→ **Exercise brief**: From the first line of the material below to the line containing "by (metis adj inner_add_right", repeat every line exactly and add nothing.

→ **Information provided**:
lemma bounded_linear_adjoint:
  fixes N :: "'a::{real_inner,complete_space} \<Rightarrow> 'b::real_inner"
  assumes N: "bounded_linear N"
  shows "bounded_linear (adjoint N)"
proof (rule bounded_linear_intro)
  note adj = adjoint_works_complete[OF N]
  show "adjoint N (y + z) = adjoint N y + adjoint N z" for y z
    by (metis adj inner_add_right vector_eq_ldot)
  show "adjoint N (r *\<^sub>R y) = r *\<^sub>R adjoint N y" for r y
    by (metis adj inner_scaleR_right vector_eq_ldot)
  show "norm (adjoint N y) \<le> norm y * onorm N" for y
  proof (rule le_of_square_le_mult)
    have "norm (adjoint N y)^2 = inner (N (adjoint N y)) y" by (simp add: adj power2_norm_eq_inner)
    also have "\<dots> \<le> onorm N * norm (adjoint N y) * norm y"
      by (rule order_trans[OF norm_cauchy_schwarz mult_right_mono[OF onorm[OF N]]]) simp
    finally show "norm (adjoint N y)^2 \<le> norm y * onorm N * norm (adjoint N y)"
      by (simp add: mult_ac)
  qed (simp_all add: onorm_pos_le[OF N])
qed

lemma norm_le_sqrt_onorm_adjoint:
  fixes N :: "'a::{real_inner,complete_space} \<Rightarrow> 'b::real_inner"
  assumes N: "bounded_linear N"
  shows "norm (N x) \<le> sqrt (onorm (N \<circ> adjoint N)) * norm x"
proof -
  note adj = adjoint_works_complete[OF N]
  define c where "c = onorm (N \<circ> adjoint N)"
  have NA: "bounded_linear (N \<circ> adjoint N)"
    using bounded_linear_compose[OF N bounded_linear_adjoint[OF N]] by (simp add: o_def)
  have c: "0 \<le> c" unfolding c_def by (rule onorm_pos_le[OF NA])
  have A: "norm (adjoint N y) \<le> sqrt c * norm y" for y
  proof (rule real_le_rsqrt[of _ "c * norm y^2", unfolded real_sqrt_mult real_sqrt_abs abs_norm_cancel])
    have "norm (adjoint N y)^2 = inner ((N \<circ> adjoint N) y) y" by (simp add: adj power2_norm_eq_inner)
    also have "\<dots> \<le> c * norm y * norm y"
      unfolding c_def by (rule order_trans[OF norm_cauchy_schwarz mult_right_mono[OF onorm[OF NA]]]) simp
    finally show "norm (adjoint N y)^2 \<le> c * norm y^2" by (simp add: power2_eq_square mult_ac)
  qed
  show ?thesis
    unfolding c_def[symmetric]
  proof (rule le_of_square_le_mult)
    have "norm (N x)^2 = inner x (adjoint N (N x))" by (simp add: adj power2_norm_eq_inner)
    also have "\<dots> \<le> norm x * (sqrt c * norm (N x))"
      by (rule order_trans[OF norm_cauchy_schwarz mult_left_mono[OF A]]) simp
    finally show "norm (N x)^2 \<le> sqrt c * norm x * norm (N x)" by (simp add: mult_ac)
  qed (simp_all add: c)
qed

section \<open>Exponentially stable semigroups\<close>

locale exp_stable_semigroup =
  fixes T :: "real \<Rightarrow> 'x::{real_normed_vector,second_countable_topology} \<Rightarrow> 'x"
    and M \<nu> :: real
  assumes C0: "C0_semigroup T"
    and onorm_T: "\<forall>t\<ge>0. onorm (T t) \<le> M * exp (- \<nu> * t)"
    and M_ge_1: "M \<ge> 1" and \<nu>_pos: "\<nu> > 0"
begin

lemma bounded_linear_T: "t \<ge> 0 \<Longrightarrow> bounded_linear (T t)"
  using C0 by (simp add: C0_semigroup_def)

lemma T_0 [simp]: "T 0 x = x"
  using C0 by (simp add: C0_semigroup_def)

lemma T_add: "s \<ge> 0 \<Longrightarrow> t \<ge> 0 \<Longrightarrow> T (s + t) x = T s (T t x)"
  using C0 by (simp add: C0_semigroup_def)

lemma norm_T_le: "t \<ge> 0 \<Longrightarrow> norm (T t x) \<le> M * exp (- \<nu> * t) * norm x"
  using onorm_T by (meson bounded_linear_T mult_right_mono norm_ge_zero onorm order_trans)

lemma norm_T_le_M: "t \<ge> 0 \<Longrightarrow> norm (T t x) \<le> M * norm x"
proof -
  assume t: "t \<ge> 0"
  have "M * exp (- \<nu> * t) \<le> M" using M_ge_1 \<nu>_pos t by (simp add: mult_le_cancel_left1)
  thus ?thesis using norm_T_le[OF t, of x] by (meson mult_right_mono norm_ge_zero order_trans)
qed

lemma T_tendsto_self:
  assumes h: "(h \<longlongrightarrow> 0) F" and h_nonneg: "\<forall>\<^sub>F p in F. h p \<ge> 0"
  shows "((\<lambda>p. T (h p) x) \<longlongrightarrow> x) F"
proof (rule tendstoI)
  fix e :: real assume e: "e > 0"
  have "((\<lambda>t. T t x) \<longlongrightarrow> x) (at_right 0)" using C0 by (simp add: C0_semigroup_def)
  hence "\<forall>\<^sub>F t in at_right 0. dist (T t x) x < e" using e by (rule tendstoD)
  then obtain b where b: "b > 0" "\<And>t. 0 < t \<Longrightarrow> t < b \<Longrightarrow> dist (T t x) x < e"
    by (auto simp: eventually_at_right_field)
  show "\<forall>\<^sub>F p in F. dist (T (h p) x) x < e"
    using tendstoD[OF h b(1)] h_nonneg
  proof eventually_elim
    case (elim p)
    thus ?case using b(2)[of "h p"] e by (cases "h p = 0") auto
  qed
qed

lemma norm_T_diff_le:
  assumes "a \<ge> 0" "b \<ge> 0"
  shows "norm (T a x - T b x) \<le> M * norm (T \<bar>a - b\<bar> x - x)"
proof -
  have *: "norm (T s x - T (s + d) x) \<le> M * norm (T d x - x)" if "s \<ge> 0" "d \<ge> 0" for s d
  proof -
    have "T s x - T (s + d) x = - T s (T d x - x)"
      using that by (simp add: T_add linear_diff[OF bounded_linear.linear[OF bounded_linear_T]])
    thus ?thesis using norm_T_le_M[OF that(1), of "T d x - x"] by simp
  qed
  show ?thesis
  proof (cases "a \<le> b")
    case True
    thus ?thesis using *[of a "b - a"] assms by simp
  next
    case False
    thus ?thesis using *[of b "a - b"] assms by (simp add: norm_minus_commute)
  qed
qed

lemma tendsto_T:
  assumes t: "(t \<longlongrightarrow> t0) F" "\<forall>\<^sub>F p in F. t p \<ge> 0" "t0 \<ge> 0" and x: "(x \<longlongrightarrow> x0) F"
  shows "((\<lambda>p. T (t p) (x p)) \<longlongrightarrow> T t0 x0) F"
proof -
  have dist: "\<forall>\<^sub>F p in F. norm (T (t p) (x p) - T t0 x0)
      \<le> M * norm (x p - x0) + M * norm (T \<bar>t p - t0\<bar> x0 - x0)"
    using t(2)
  proof eventually_elim
    case (elim p)
    have "T (t p) (x p) - T t0 x0 = T (t p) (x p - x0) + (T (t p) x0 - T t0 x0)"
      using elim by (simp add: linear_diff[OF bounded_linear.linear[OF bounded_linear_T]])
    thus ?case
      using norm_T_le_M[OF elim, of "x p - x0"] norm_T_diff_le[OF elim t(3), of x0]
      by (metis add_mono norm_triangle_le)
  qed
  have "((\<lambda>p. T \<bar>t p - t0\<bar> x0) \<longlongrightarrow> x0) F"
    using t(1) by (intro T_tendsto_self) (auto simp: tendsto_rabs_zero LIM_zero)
  hence "((\<lambda>p. M * norm (x p - x0) + M * norm (T \<bar>t p - t0\<bar> x0 - x0)) \<longlongrightarrow> 0) F"
    using x by (auto intro!: tendsto_add_zero tendsto_mult_right_zero tendsto_norm_zero LIM_zero)
  thus ?thesis by (rule Lim_null_comparison[OF dist, THEN LIM_zero_cancel])
qed

lemma measurable_T:
  assumes "f \<in> borel_measurable N" "v \<in> borel_measurable N" "\<And>\<omega>. \<omega> \<in> space N \<Longrightarrow> f \<omega> \<ge> 0"
  shows "(\<lambda>\<omega>. T (f \<omega>) (v \<omega>)) \<in> borel_measurable N"
proof -
  define \<Phi> where "\<Phi> p = T (max 0 (fst p)) (snd p)" for p
  have "(\<Phi> \<longlongrightarrow> \<Phi> p) (at p within UNIV)" for p
    unfolding \<Phi>_def
    by (intro tendsto_T tendsto_max tendsto_const tendsto_fst tendsto_snd tendsto_ident_at) auto
  hence "continuous_on UNIV \<Phi>"
    unfolding continuous_on_def by blast
  hence "\<Phi> \<in> borel_measurable borel"
    by (rule borel_measurable_continuous_onI)
  hence "(\<lambda>\<omega>. \<Phi> (f \<omega>, v \<omega>)) \<in> borel_measurable N"
    unfolding borel_prod[symmetric] using assms(1,2) by measurable
  thus ?thesis
    by (rule measurable_cong[THEN iffD1, rotated]) (simp add: \<Phi>_def assms(3) max_absorb2)
qed

end

section \<open>Operator chains\<close>

lemma opchain_cong:
  "(\<And>j. j \<le> k \<Longrightarrow> s j = s' j) \<Longrightarrow> (\<And>j. j \<in> {1..k} \<Longrightarrow> m j = m' j) \<Longrightarrow>
   opchain T N s m k = opchain T N s' m' k"
  by (induction k) auto

locale bilinear_system = exp_stable_semigroup T M \<nu>
  for T :: "real \<Rightarrow> 'x::{real_inner,polish_space} \<Rightarrow> 'x" and M \<nu> +
  fixes N :: "nat \<Rightarrow> 'x \<Rightarrow> 'x" and n :: nat and C :: "'x \<Rightarrow> 'h::real_inner"
  assumes bounded_linear_N: "i < n \<Longrightarrow> bounded_linear (N i)"
    and bounded_linear_C: "bounded_linear C"
begin

lemma bounded_linear_opchain:
  "m \<in> {1..k} \<rightarrow> {..<n} \<Longrightarrow> (\<And>j. j \<le> k \<Longrightarrow> 0 \<le> s j) \<Longrightarrow> bounded_linear (opchain T N s m k)"
proof (induction k)
  case (Suc k)
  have bl: "bounded_linear (opchain T N s m k)" "bounded_linear (N (m (Suc k)))"
    "bounded_linear (T (s (Suc k)))"
    using Suc bounded_linear_N bounded_linear_T by (auto simp: Pi_iff)
  show ?case
    using bounded_linear_compose[OF bounded_linear_compose[OF bl(1,2)] bl(3)] by (simp add: comp_def)
qed (simp add: bounded_linear_T)

lemma opchain_T:
  assumes "s k \<ge> 0" "a \<ge> 0"
  shows "opchain T N s m k (T a y) = opchain T N (s(k := s k + a)) m k y"
proof (cases k)
  case (Suc k')
  have "opchain T N (s(k := s k + a)) m k' = opchain T N s m k'"
    by (rule opchain_cong) (auto simp: Suc)
  thus ?thesis using assms T_add Suc by simp
qed (use assms T_add in simp)

lemma opchain_T_N:
  assumes "s k \<ge> 0" "a \<ge> 0"
  shows "opchain T N s m k (T a (N i y)) =
         opchain T N (s(k := s k + a, Suc k := 0)) (m(Suc k := i)) (Suc k) y"
proof -
  have "opchain T N (s(k := s k + a, Suc k := 0)) (m(Suc k := i)) k = opchain T N (s(k := s k + a)) m k"
    by (rule opchain_cong) auto
  thus ?thesis using opchain_T[of s k a] assms by simp
qed

lemma C_opchain_T_sum_N:
  assumes m: "m \<in> {1..k} \<rightarrow> {..<n}" and s: "\<forall>j\<le>k. 0 \<le> s j" and a: "0 \<le> a"
  shows "C (opchain T N s m k (T a (\<Sum>i<n. c i *\<^sub>R N i x))) =
    (\<Sum>i<n. c i *\<^sub>R C (opchain T N (s(k := s k + a, Suc k := 0)) (m(Suc k := i)) (Suc k) x))"
proof -
  have bl: "bounded_linear (\<lambda>x. C (opchain T N s m k (T a x)))"
    using bounded_linear_compose[OF bounded_linear_C
        bounded_linear_compose[OF bounded_linear_opchain[OF m] bounded_linear_T[OF a]]] s
    by simp
  have "C (opchain T N s m k (T a (\<Sum>i<n. c i *\<^sub>R N i x))) =
      (\<Sum>i<n. c i *\<^sub>R C (opchain T N s m k (T a (N i x))))"
    using linear_sum[OF bounded_linear.linear[OF bl], of "\<lambda>i. c i *\<^sub>R N i x" "{..<n}"]
      linear_scale[OF bounded_linear.linear[OF bl]]
    by simp
  thus ?thesis using s a by (simp add: opchain_T_N)
qed

lemma norm_opchain_le:
  assumes "m \<in> {1..k} \<rightarrow> {..<n}" "\<And>j. j \<le> k \<Longrightarrow> 0 \<le> s j"
    and b: "\<And>i x. i < n \<Longrightarrow> norm (N i x) \<le> b i * norm x" "\<And>i. i < n \<Longrightarrow> 0 \<le> b i"
  shows "norm (opchain T N s m k y) \<le>
    (\<Prod>j\<le>k. M * exp (- \<nu> * s j)) * (\<Prod>j\<in>{1..k}. b (m j)) * norm y"
  using assms(1,2)
proof (induction k arbitrary: y)
  case 0
  thus ?case using norm_T_le by simp
next
  case (Suc k)
  have m: "m \<in> {1..k} \<rightarrow> {..<n}" "m (Suc k) < n" and s: "\<And>j. j \<le> Suc k \<Longrightarrow> 0 \<le> s j"
    using Suc.prems by (auto simp: Pi_iff)
  define P where "P = (\<Prod>j\<le>k. M * exp (- \<nu> * s j)) * (\<Prod>j\<in>{1..k}. b (m j))"
  have P: "P \<ge> 0"
    unfolding P_def using M_ge_1 b(2) m(1) by (force intro!: mult_nonneg_nonneg prod_nonneg simp: Pi_iff)
  let ?z = "N (m (Suc k)) (T (s (Suc k)) y)"
  have "norm (opchain T N s m (Suc k) y) = norm (opchain T N s m k ?z)" by simp
  also have "\<dots> \<le> P * norm ?z" unfolding P_def using Suc.IH[OF m(1)] s by simp
  also have "\<dots> \<le> P * (b (m (Suc k)) * (M * exp (- \<nu> * s (Suc k)) * norm y))"
    using b[OF m(2)] norm_T_le[OF s[OF order_refl]] P by (meson mult_left_mono order_trans)
  also have "\<dots> = (\<Prod>j\<le>Suc k. M * exp (- \<nu> * s j)) * (\<Prod>j\<in>{1..Suc k}. b (m j)) * norm y"
    unfolding P_def by (simp only: prod.atMost_Suc prod.nat_ivl_Suc' mult_ac)
  finally show ?case .
qed

lemma tendsto_opchain:
  assumes "m \<in> {1..k} \<rightarrow> {..<n}" "\<And>j. j \<le> k \<Longrightarrow> 0 \<le> s j"
    and "\<And>j. j \<le> k \<Longrightarrow> ((\<lambda>p. s' p j) \<longlongrightarrow> s j) F" "\<forall>\<^sub>F p in F. \<forall>j\<le>k. 0 \<le> s' p j"
    and "(y' \<longlongrightarrow> y) F"
  shows "((\<lambda>p. opchain T N (s' p) m k (y' p)) \<longlongrightarrow> opchain T N s m k y) F"
  using assms
proof (induction k arbitrary: y' y)
  case 0
  thus ?case by (auto intro!: tendsto_T elim: eventually_mono)
next
  case (Suc k)
  have m: "m \<in> {1..k} \<rightarrow> {..<n}" "m (Suc k) < n"
    using Suc.prems(1) by (auto simp: Pi_iff)
  have "((\<lambda>p. T (s' p (Suc k)) (y' p)) \<longlongrightarrow> T (s (Suc k)) y) F"
    using Suc.prems(2-5) by (intro tendsto_T) (auto elim: eventually_mono)
  hence "((\<lambda>p. N (m (Suc k)) (T (s' p (Suc k)) (y' p))) \<longlongrightarrow> N (m (Suc k)) (T (s (Suc k)) y)) F"
    by (rule bounded_linear.tendsto[OF bounded_linear_N[OF m(2)]])
  hence "((\<lambda>p. opchain T N (s' p) m k (N (m (Suc k)) (T (s' p (Suc k)) (y' p)))) \<longlongrightarrow>
     opchain T N s m k (N (m (Suc k)) (T (s (Suc k)) y))) F"
    using Suc.prems(2-4) by (intro Suc.IH[OF m(1)]) (auto elim: eventually_mono)
  thus ?case by simp
qed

→ **Output of the exercise**:
lemma bounded_linear_adjoint:
  fixes N :: "'a::{real_inner,complete_space} \<Rightarrow> 'b::real_inner"
  assumes N: "bounded_linear N"
  shows "bounded_linear (adjoint N)"
proof (rule bounded_linear_intro)
  note adj = adjoint_works_complete[OF N]
  show "adjoint N (y + z) = adjoint N y + adjoint N z" for y z
    by (metis adj inner_add_right vector_eq_ldot)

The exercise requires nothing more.